■ WORK ORDER: Nothing in the records should differ when you write them out again.

■ RECORDS TO USE:
lemma theta_props:
  assumes A: "A \<ge> 1" and Q: "\<forall>\<alpha>\<in>arrs Q. src Q \<alpha> \<in> verts Q \<and> tgt Q \<alpha> \<in> verts Q"
    and g: "g \<in> carrier (path_algebra Q)"
  shows "theta A g \<in> carrier (path_algebra (stretch_quiver A Q))"
    and "starts_in (Inl ` verts Q) (theta A g)"
    and "ends_in (stretch_quiver A Q) (Inl ` verts Q) (theta A g)"
proof -
  have g_supp: "finite {p. g p \<noteq> 0}" "{p. g p \<noteq> 0} \<subseteq> qpaths Q"
    using g by (auto simp: path_algebra_simps)
  have tgt: "\<forall>a\<in>arrs Q. tgt Q a \<in> verts Q"
    using Q by auto
  have supp: "{q. theta A g q \<noteq> 0} \<subseteq> stretch_path A ` {p. g p \<noteq> 0}"
  proof
    fix q assume "q \<in> {q. theta A g q \<noteq> 0}"
    then obtain p where "g p \<noteq> 0" "stretch_path A p = q"
      by (auto elim: theta_nonzero)
    then show "q \<in> stretch_path A ` {p. g p \<noteq> 0}" by blast
  qed
  have stretched: "q \<in> qpaths (stretch_quiver A Q) \<and> fst q \<in> Inl ` verts Q \<and>
      ptgt (stretch_quiver A Q) q \<in> Inl ` verts Q" if nz: "theta A g q \<noteq> 0" for q
  proof -
    obtain p where "g p \<noteq> 0" "stretch_path A p = q"
      using nz by (rule theta_nonzero)
    moreover obtain v xs where "p = (v, xs)"
      by (cases p)
    ultimately have p: "g (v, xs) \<noteq> 0" "stretch_path A (v, xs) = q"
      by simp_all
    then have vxs: "(v, xs) \<in> qpaths Q"
      using g_supp by auto
    then show ?thesis
      using stretch_path_qpaths[OF A vxs tgt] ptgt_in_verts[OF vxs tgt] p(2)
      by (auto simp: stretch_path_def mem_qpaths_iff)
  qed
  show "theta A g \<in> carrier (path_algebra (stretch_quiver A Q))"
    using supp g_supp stretched by (auto simp: path_algebra_simps intro: finite_subset)
  show "starts_in (Inl ` verts Q) (theta A g)"
    using stretched by (auto simp: starts_in_def)
  show "ends_in (stretch_quiver A Q) (Inl ` verts Q) (theta A g)"
    using stretched by (auto simp: ends_in_def)
qed

text \<open>For a new vertex \<open>w\<^sub>j\<close> of the arrow \<open>\<alpha>\<close>: \<open>exit_path A w\<^sub>j\<close> is \<open>\<alpha>\<^sub>j\<^sub>+\<^sub>1 \<dots> \<alpha>\<^sub>A\<close> and
  \<open>entry_path w\<^sub>j\<close> is \<open>\<alpha>\<^sub>1 \<dots> \<alpha>\<^sub>j\<close> listed backwards; both are empty at the old vertices.\<close>
definition exit_path :: "nat \<Rightarrow> 'v + 'a \<times> nat \<Rightarrow> ('a \<times> nat) list" where
  "exit_path A u = (case u of Inl _ \<Rightarrow> [] | Inr (\<alpha>, j) \<Rightarrow> map (\<lambda>l. (\<alpha>, l)) [j+1..<A+1])"

definition entry_path :: "'v + 'a \<times> nat \<Rightarrow> ('a \<times> nat) list" where
  "entry_path u = (case u of Inl _ \<Rightarrow> [] | Inr (\<alpha>, j) \<Rightarrow> map (\<lambda>l. (\<alpha>, l)) (rev [1..<j+1]))"

lemma Inr_notin_image_Inl [simp]: "Inr x \<notin> Inl ` A"
  by auto
(* Let $P$ be a conical refinement monoid containing order-ideals $I,I'$ with $I\cap I'=0$, and let $\varphi\colon I\to I'$ be a monoid isomorphism. Let $Q$ be the crowned pushout of $(P,I,I',\varphi)$. Then $Q=P/\!\sim$, where $\sim$ is the congruence on $P$ generated by $x+i\sim x+\varphi(i)$ for $i\in I$, $x\in P$, with the coequalizing map the canonical projection $\pi\colon P\to Q$. Moreover $Q$ is a conical refinement monoid, and $Q$ contains an order-ideal $Z$ isomorphic to $I$ such that $\pi$ induces an isomorphism $P/(I+I')\cong Q/Z$.
   Context: Monoids are abelian; conical means $x+y=0\Rightarrow x=y=0$; refinement monoid means every $x_1+x_2=y_1+y_2$ admits $x_{ij}$ with $x_i=x_{i1}+x_{i2}$, $y_j=x_{1j}+x_{2j}$. An order-ideal is a nonempty $I\subseteq P$ with $x+y\in I\iff x,y\in I$; $P/I$ denotes the quotient by $x\equiv y\iff x+u=y+v$ for some $u,v\in I$. The crowned pushout of $(P,I,I',\varphi)$ is the coequalizer, in the category of monoids, of the inclusion $I\to P$ and the composite $I\xrightarrow{\varphi}I'\hookrightarrow P$: a homomorphism $f\colon P\to Q$ with $f(x)=f(\varphi(x))$ for all $x\in I$, through which every homomorphism $g$ with $g(x)=g(\varphi(x))$ ($x\in I$) factors uniquely. *)

theory Defs
  imports "HOL-Algebra.Algebra"
begin

text \<open>Abelian monoids are HOL-Algebra commutative monoids (written multiplicatively).\<close>

definition conical :: "('a,'b) monoid_scheme \<Rightarrow> bool" where
  "conical P \<longleftrightarrow> (\<forall>x\<in>carrier P. \<forall>y\<in>carrier P.
      x \<otimes>\<^bsub>P\<^esub> y = \<one>\<^bsub>P\<^esub> \<longrightarrow> x = \<one>\<^bsub>P\<^esub> \<and> y = \<one>\<^bsub>P\<^esub>)"

definition refinement_monoid :: "('a,'b) monoid_scheme \<Rightarrow> bool" where
  "refinement_monoid P \<longleftrightarrow> comm_monoid P \<and>
    (\<forall>x1\<in>carrier P. \<forall>x2\<in>carrier P. \<forall>y1\<in>carrier P. \<forall>y2\<in>carrier P.
      x1 \<otimes>\<^bsub>P\<^esub> x2 = y1 \<otimes>\<^bsub>P\<^esub> y2 \<longrightarrow>
      (\<exists>x11\<in>carrier P. \<exists>x12\<in>carrier P. \<exists>x21\<in>carrier P. \<exists>x22\<in>carrier P.
         x1 = x11 \<otimes>\<^bsub>P\<^esub> x12 \<and> x2 = x21 \<otimes>\<^bsub>P\<^esub> x22 \<and>
         y1 = x11 \<otimes>\<^bsub>P\<^esub> x21 \<and> y2 = x12 \<otimes>\<^bsub>P\<^esub> x22))"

■ WRITTEN RESPONSE:
lemma theta_props:
  assumes A: "A \<ge> 1" and Q: "\<forall>\<alpha>\<in>arrs Q. src Q \<alpha> \<in> verts Q \<and> tgt Q \<alpha> \<in> verts Q"
    and g: "g \<in> carrier (path_algebra Q)"
  shows "theta A g \<in> carrier (path_algebra (stretch_quiver A Q))"
    and "starts_in (Inl ` verts Q) (theta A g)"
    and "ends_in (stretch_quiver A Q) (Inl ` verts Q) (theta A g)"
proof -
  have g_supp: "finite {p. g p \<noteq> 0}" "{p. g p \<noteq> 0} \<subseteq> qpaths Q"
    using g by (auto simp: path_algebra_simps)
  have tgt: "\<forall>a\<in>arrs Q. tgt Q a \<in> verts Q"
    using Q by auto
  have supp: "{q. theta A g q \<noteq> 0} \<subseteq> stretch_path A ` {p. g p \<noteq> 0}"
  proof
    fix q assume "q \<in> {q. theta A g q \<noteq> 0}"
    then obtain p where "g p \<noteq> 0" "stretch_path A p = q"
      by (auto elim: theta_nonzero)
    then show "q \<in> stretch_path A ` {p. g p \<noteq> 0}" by blast
  qed
  have stretched: "q \<in> qpaths (stretch_quiver A Q) \<and> fst q \<in> Inl ` verts Q \<and>
      ptgt (stretch_quiver A Q) q \<in> Inl ` verts Q" if nz: "theta A g q \<noteq> 0" for q
  proof -
    obtain p where "g p \<noteq> 0" "stretch_path A p = q"
      using nz by (rule theta_nonzero)
    moreover obtain v xs where "p = (v, xs)"
      by (cases p)
    ultimately have p: "g (v, xs) \<noteq> 0" "stretch_path A (v, xs) = q"
      by simp_all
    then have vxs: "(v, xs) \<in> qpaths Q"
      using g_supp by auto
    then show ?thesis
      using stretch_path_qpaths[OF A vxs tgt] ptgt_in_verts[OF vxs tgt] p(2)
      by (auto simp: stretch_path_def mem_qpaths_iff)
  qed
  show "theta A g \<in> carrier (path_algebra (stretch_quiver A Q))"
    using supp g_supp stretched by (auto simp: path_algebra_simps intro: finite_subset)
  show "starts_in (Inl ` verts Q) (theta A g)"
    using stretched by (auto simp: starts_in_def)
  show "ends_in (stretch_quiver A Q) (Inl ` verts Q) (theta A g)"
    using stretched by (auto simp: ends_in_def)
qed

text \<open>For a new vertex \<open>w\<^sub>j\<close> of the arrow \<open>\<alpha>\<close>: \<open>exit_path A w\<^sub>j\<close> is \<open>\<alpha>\<^sub>j\<^sub>+\<^sub>1 \<dots> \<alpha>\<^sub>A\<close> and
  \<open>entry_path w\<^sub>j\<close> is \<open>\<alpha>\<^sub>1 \<dots> \<alpha>\<^sub>j\<close> listed backwards; both are empty at the old vertices.\<close>
definition exit_path :: "nat \<Rightarrow> 'v + 'a \<times> nat \<Rightarrow> ('a \<times> nat) list" where
  "exit_path A u = (case u of Inl _ \<Rightarrow> [] | Inr (\<alpha>, j) \<Rightarrow> map (\<lambda>l. (\<alpha>, l)) [j+1..<A+1])"

definition entry_path :: "'v + 'a \<times> nat \<Rightarrow> ('a \<times> nat) list" where
  "entry_path u = (case u of Inl _ \<Rightarrow> [] | Inr (\<alpha>, j) \<Rightarrow> map (\<lambda>l. (\<alpha>, l)) (rev [1..<j+1]))"

lemma Inr_notin_image_Inl [simp]: "Inr x \<notin> Inl ` A"
  by auto
(* Let $P$ be a conical refinement monoid containing order-ideals $I,I'$ with $I\cap I'=0$, and let $\varphi\colon I\to I'$ be a monoid isomorphism. Let $Q$ be the crowned pushout of $(P,I,I',\varphi)$. Then $Q=P/\!\sim$, where $\sim$ is the congruence on $P$ generated by $x+i\sim x+\varphi(i)$ for $i\in I$, $x\in P$, with the coequalizing map the canonical projection $\pi\colon P\to Q$. Moreover $Q$ is a conical refinement monoid, and $Q$ contains an order-ideal $Z$ isomorphic to $I$ such that $\pi$ induces an isomorphism $P/(I+I')\cong Q/Z$.
   Context: Monoids are abelian; conical means $x+y=0\Rightarrow x=y=0$; refinement monoid means every $x_1+x_2=y_1+y_2$ admits $x_{ij}$ with $x_i=x_{i1}+x_{i2}$, $y_j=x_{1j}+x_{2j}$. An order-ideal is a nonempty $I\subseteq P$ with $x+y\in I\iff x,y\in I$; $P/I$ denotes the quotient by $x\equiv y\iff x+u=y+v$ for some $u,v\in I$. The crowned pushout of $(P,I,I',\varphi)$ is the coequalizer, in the category of monoids, of the inclusion $I\to P$ and the composite $I\xrightarrow{\varphi}I'\hookrightarrow P$: a homomorphism $f\colon P\to Q$ with $f(x)=f(\varphi(x))$ for all $x\in I$, through which every homomorphism $g$ with $g(x)=g(\varphi(x))$ ($x\in I$) factors uniquely. *)

theory Defs
  imports "HOL-Algebra.Algebra"
begin

text \<open>Abelian monoids are HOL-Algebra commutative monoids (written multiplicatively).\<close>

definition conical :: "('a,'b) monoid_scheme \<Rightarrow> bool" where
  "conical P \<longleftrightarrow> (\<forall>x\<in>carrier P. \<forall>y\<in>carrier P.
      x \<otimes>\<^bsub>P\<^esub> y = \<one>\<^bsub>P\<^esub> \<longrightarrow> x = \<one>\<^bsub>P\<^esub> \<and> y = \<one>\<^bsub>P\<^esub>)"

definition refinement_monoid :: "('a,'b) monoid_scheme \<Rightarrow> bool" where
  "refinement_monoid P \<longleftrightarrow> comm_monoid P \<and>
    (\<forall>x1\<in>carrier P. \<forall>x2\<in>carrier P. \<forall>y1\<in>carrier P. \<forall>y2\<in>carrier P.
      x1 \<otimes>\<^bsub>P\<^esub> x2 = y1 \<otimes>\<^bsub>P\<^esub> y2 \<longrightarrow>
      (\<exists>x11\<in>carrier P. \<exists>x12\<in>carrier P. \<exists>x21\<in>carrier P. \<exists>x22\<in>carrier P.
         x1 = x11 \<otimes>\<^bsub>P\<^esub> x12 \<and> x2 = x21 \<otimes>\<^bsub>P\<^esub> x22 \<and>
         y1 = x11 \<otimes>\<^bsub>P\<^esub> x21 \<and> y2 = x12 \<otimes>\<^bsub>P\<^esub> x22))"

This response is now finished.